What you need to know
- Alexa is going to be more proactive with skills in response to user queries.
- It will now recommend skills to customers based on what it thinks they want after it responds to an initial query.
- Amazon is rolling this out to U.S. English speakers first.
Amazon is working on building out its Alexa digital assistant to be more context-sensitive when responding to user queries. It's rolling out a feature where the assistant will try and guess what you want it to do after making a request. Think of this way; if you ask a waiter for the bill, they would ask if you're paying by cash or card because it's a natural follow-up question. Alexa will apply that logic to relevant queries where it sees fit and bubble up a relevant skill.

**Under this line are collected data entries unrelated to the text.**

lemma lfp_Dtilde_target:
  assumes "is_mdp P" "u \<in> T"
  shows "lfp (Dtilde o' P T) u = \<infinity>"
proof -
  have "lfp (Dtilde o' P T) u = Dtilde o' P T (lfp (Dtilde o' P T)) u"
    by (rule fun_cong[OF lfp_unfold[OF mono_Dtilde[OF assms(1)]]])
  then show ?thesis
    using assms(2) by (simp add: Dtilde_eq)
qed

lemma lfp_Dtilde_nontarget:
  assumes "is_mdp P" "u \<notin> T"
  shows "lfp (Dtilde o' P T) u = opt_enat o' (Dtilde_act P (lfp (Dtilde o' P T)) u ` Act P u)"
proof -
  have "lfp (Dtilde o' P T) u = Dtilde o' P T (lfp (Dtilde o' P T)) u"
    by (rule fun_cong[OF lfp_unfold[OF mono_Dtilde[OF assms(1)]]])
  then show ?thesis
    using assms(2) by (simp only: Dtilde_eq if_False)
qed

lemma lfp_Dtilde_OMin_le_act:
  assumes "is_mdp P" "u \<notin> T" "a \<in> Act P u"
  shows "lfp (Dtilde OMin P T) u \<le> Dtilde_act P (lfp (Dtilde OMin P T)) u a"
  using lfp_Dtilde_nontarget[OF assms(1,2), of OMin] assms(3) by (simp add: opt_enat_def)

lemma lfp_Dtilde_OMax_ge_act:
  assumes "is_mdp P" "u \<notin> T" "a \<in> Act P u"
  shows "Dtilde_act P (lfp (Dtilde OMax P T)) u a \<le> lfp (Dtilde OMax P T) u"
  using lfp_Dtilde_nontarget[OF assms(1,2), of OMax] assms(3) by (simp add: opt_enat_def)

lemma lfp_Dtilde_attaining_strategy:
  assumes mdp: "is_mdp P"
  shows "\<exists>\<sigma>\<in>strategies P. \<forall>u. u \<notin> T \<longrightarrow>
           Dtilde_act P (lfp (Dtilde o' P T)) u (\<sigma> u) = lfp (Dtilde o' P T) u"
proof (rule strategy_choice)
  fix u
  show "\<exists>a\<in>Act P u. u \<notin> T \<longrightarrow> Dtilde_act P (lfp (Dtilde o' P T)) u a = lfp (Dtilde o' P T) u"
  proof (cases "u \<in> T")
    case True
    then show ?thesis
      using Act_nonempty[OF mdp] by blast
  next
    case False
    have "opt_enat o' (Dtilde_act P (lfp (Dtilde o' P T)) u ` Act P u)
        \<in> Dtilde_act P (lfp (Dtilde o' P T)) u ` Act P u"
      using Act_nonempty[OF mdp] by (intro opt_enat_in) auto
    then show ?thesis
      using lfp_Dtilde_nontarget[OF mdp False, of o'] by auto
  qed
qed
lemma kexp_add:
  assumes A: "finite A"
  shows "kexp A Q (s + t) x w = (\<Sum>y\<in>A. kexp A Q s x y * kexp A Q t y w)"
proof -
  define c where "c y k = (\<Sum>i\<le>k. of_nat (k choose i) * s ^ i * t ^ (k - i)
                                    * kpow A Q i x y * kpow A Q (k - i) y w) / fact k" for y k
  have c: "c y sums (kexp A Q s x y * kexp A Q t y w)" for y
    unfolding c_def kexp_def by (intro exp_series_Cauchy_product summable_kexp A)
  have "(\<Sum>y\<in>A. c y k) = (s + t) ^ k / fact k * kpow A Q k x w" for k
  proof -
    define b where "b i = of_nat (k choose i) * s ^ i * t ^ (k - i)" for i
    have "(\<Sum>y\<in>A. c y k) = (\<Sum>y\<in>A. \<Sum>i\<le>k. b i * (kpow A Q i x y * kpow A Q (k - i) y w)) / fact k"
      unfolding c_def b_def by (simp add: sum_divide_distrib mult.assoc)
    also have "\<dots> = (\<Sum>i\<le>k. \<Sum>y\<in>A. b i * (kpow A Q i x y * kpow A Q (k - i) y w)) / fact k"
      by (subst sum.swap) (rule refl)
    also have "\<dots> = (\<Sum>i\<le>k. b i * kpow A Q k x w) / fact k"
      by (simp add: sum_distrib_left[symmetric] kpow_add[OF A, symmetric])
    also have "\<dots> = (s + t) ^ k / fact k * kpow A Q k x w"
      by (simp add: b_def binomial_ring sum_distrib_right)
    finally show ?thesis .
  qed
  moreover have "(\<lambda>k. \<Sum>y\<in>A. c y k) sums (\<Sum>y\<in>A. kexp A Q s x y * kexp A Q t y w)"
    by (intro sums_sum c)
  ultimately have "(\<lambda>k. (s + t) ^ k / fact k * kpow A Q k x w) sums (\<Sum>y\<in>A. kexp A Q s x y * kexp A Q t y w)"
    by simp
  with kexp_sums[OF A] show ?thesis
    by (rule sums_unique2)
qed

lemma binomial_sum_Suc:
  fixes f :: "nat \<Rightarrow> real"
  shows "(\<Sum>j\<le>Suc k. of_nat (Suc k choose j) * c ^ (Suc k - j) * f j)
       = (\<Sum>j\<le>k. of_nat (k choose j) * c ^ (k - j) * f (Suc j))
         + c * (\<Sum>j\<le>k. of_nat (k choose j) * c ^ (k - j) * f j)"
proof -
  have "c * (\<Sum>j\<le>k. of_nat (k choose j) * c ^ (k - j) * f j)
      = (\<Sum>j\<le>Suc k. of_nat (k choose j) * c ^ (Suc k - j) * f j)"
    by (simp add: sum_distrib_left mult_ac Suc_diff_le)
  also have "\<dots> = c ^ Suc k * f 0 + (\<Sum>j\<le>k. of_nat (k choose Suc j) * c ^ (k - j) * f (Suc j))"
    by (subst sum.atMost_Suc_shift) simp
  finally show ?thesis
    by (subst sum.atMost_Suc_shift) (simp add: distrib_right sum.distrib)
qed

lemma kpow_shift_diag:
  assumes A: "finite A"
  shows "kpow A (\<lambda>x y. Q x y + (if x = y then c else 0)) k x y
           = (\<Sum>j\<le>k. of_nat (k choose j) * c ^ (k - j) * kpow A Q j x y)"
proof (induction k arbitrary: x)
  case (Suc k)
  let ?B = "\<lambda>x y. Q x y + (if x = y then c else 0)"
  show ?case
  proof (cases "x \<in> A")
    case True
    have "kpow A ?B (Suc k) x y
        = (\<Sum>z\<in>A. Q x z * kpow A ?B k z y + (if z = x then c * kpow A ?B k x y else 0))"
      using True by (auto simp: distrib_right intro!: sum.cong)
    also have "\<dots> = (\<Sum>z\<in>A. Q x z * kpow A ?B k z y) + c * kpow A ?B k x y"
      using True A by (simp add: sum.distrib)
    also have "(\<Sum>z\<in>A. Q x z * kpow A ?B k z y)
             = (\<Sum>j\<le>k. of_nat (k choose j) * c ^ (k - j) * kpow A Q (Suc j) x y)"
      using True by (simp add: Suc.IH sum_distrib_left sum_distrib_right mult_ac) (rule sum.swap)
    also have "c * kpow A ?B k x y = c * (\<Sum>j\<le>k. of_nat (k choose j) * c ^ (k - j) * kpow A Q j x y)"
      by (simp only: Suc.IH)
    finally show ?thesis
      by (simp only: binomial_sum_Suc)
  qed (simp add: kpow_notin_left)
qed simp
(* Assume $\mathfrak{b}<\mathfrak{q}$. Then there exists a compact Hausdorff sequentially separable space which is not selectively sequentially separable.
   Context: $\mathfrak{b}$ is the least cardinality of a subset of $\mathbb{N}^{\mathbb{N}}$ unbounded with respect to $\leq^*$, where $f\leq^* g$ means $f(n)\leq g(n)$ for all but finitely many $n$. A $Q$-set is a subset of $\mathbb{R}$ every subset of which is a $G_\delta$ in it; $\mathfrak{q}$ is the least cardinal $\lambda$ such that there is no $Q$-set of size $\lambda$ (equivalently, the smallest cardinal such that for every $\kappa<\mathfrak{q}$ there is a $Q$-set of size $\kappa$). A space is sequentially separable if it has a countable sequentially dense subset (every point is a limit of a sequence from it). A space $Z$ is selectively sequentially separable if for every sequence $(D_n:n\in\mathbb{N})$ of sequentially dense subsets of $Z$ one can choose finite $F_n\subseteq D_n$ so that $\bigcup_n F_n$ is sequentially dense in $Z$. *)

theory Defs
  imports "HOL-Analysis.Analysis"
begin

definition le_star :: "(nat \<Rightarrow> nat) \<Rightarrow> (nat \<Rightarrow> nat) \<Rightarrow> bool" where
  "le_star f g \<longleftrightarrow> (\<forall>\<^sub>F n in sequentially. f n \<le> g n)"

definition unbounded_family :: "(nat \<Rightarrow> nat) set \<Rightarrow> bool" where
  "unbounded_family F \<longleftrightarrow> \<not> (\<exists>g. \<forall>f\<in>F. le_star f g)"

definition Q_set :: "real set \<Rightarrow> bool" where
  "Q_set X \<longleftrightarrow> (\<forall>A\<subseteq>X. \<exists>U :: nat \<Rightarrow> real set.
      (\<forall>n. open (U n)) \<and> A = X \<inter> (\<Inter>n. U n))"

text \<open>b < q: with F an unbounded family of least cardinality (|F| = b),
  every cardinal \<lambda> \<le> b is the size of some Q-set (q being the least
  cardinal with no Q-set of that size).\<close>
definition b_less_q :: bool where
  "b_less_q \<longleftrightarrow> (\<exists>F :: (nat \<Rightarrow> nat) set. unbounded_family F \<and>
      (\<forall>G. unbounded_family G \<longrightarrow> (card_of F, card_of G) \<in> ordLeq) \<and>
      (\<forall>Y :: (nat \<Rightarrow> nat) set. (card_of Y, card_of F) \<in> ordLeq \<longrightarrow>
          (\<exists>X :: real set. Q_set X \<and> (card_of X, card_of Y) \<in> ordIso)))"

definition seq_dense :: "'a topology \<Rightarrow> 'a set \<Rightarrow> bool" where
  "seq_dense T D \<longleftrightarrow> D \<subseteq> topspace T \<and>
     (\<forall>x\<in>topspace T. \<exists>s. (\<forall>n. s n \<in> D) \<and> limitin T s x sequentially)"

To determine whether to suggest a latent goal, we use a deep-learning-based trigger model that factors in several aspects of the dialogue context, such as the text of the customer's current session with Alexa and whether the customer has engaged with Alexa's multi-skill suggestions in the past.
If the trigger model finds the context suitable, the system suggests a skill to service the latent goal. Those suggestions are based on relationships learned by the latent-goal discovery model. For instance, the model may have discovered that customers who ask how long tea should steep frequently follow up by asking Alexa to set a timer for that amount of time.
Digital assistants have grown to be more conversational and proactive over the years, but this feature strikes as one that could be counterproductive. For instance, one could imagine a scenario where a user gets increasingly annoyed at Alexa constantly inferring latent goals to simple queries to the point that they don't engage with the assistant verbally anymore. Amazon could pre-empt this by adding a toggle, but that would defeat the purpose of this feature.
Building a competent, truly futuristic digital assistant is hard. Doing so while trying not to annoy customers is even harder, and Amazon certainly has its work cut out for it.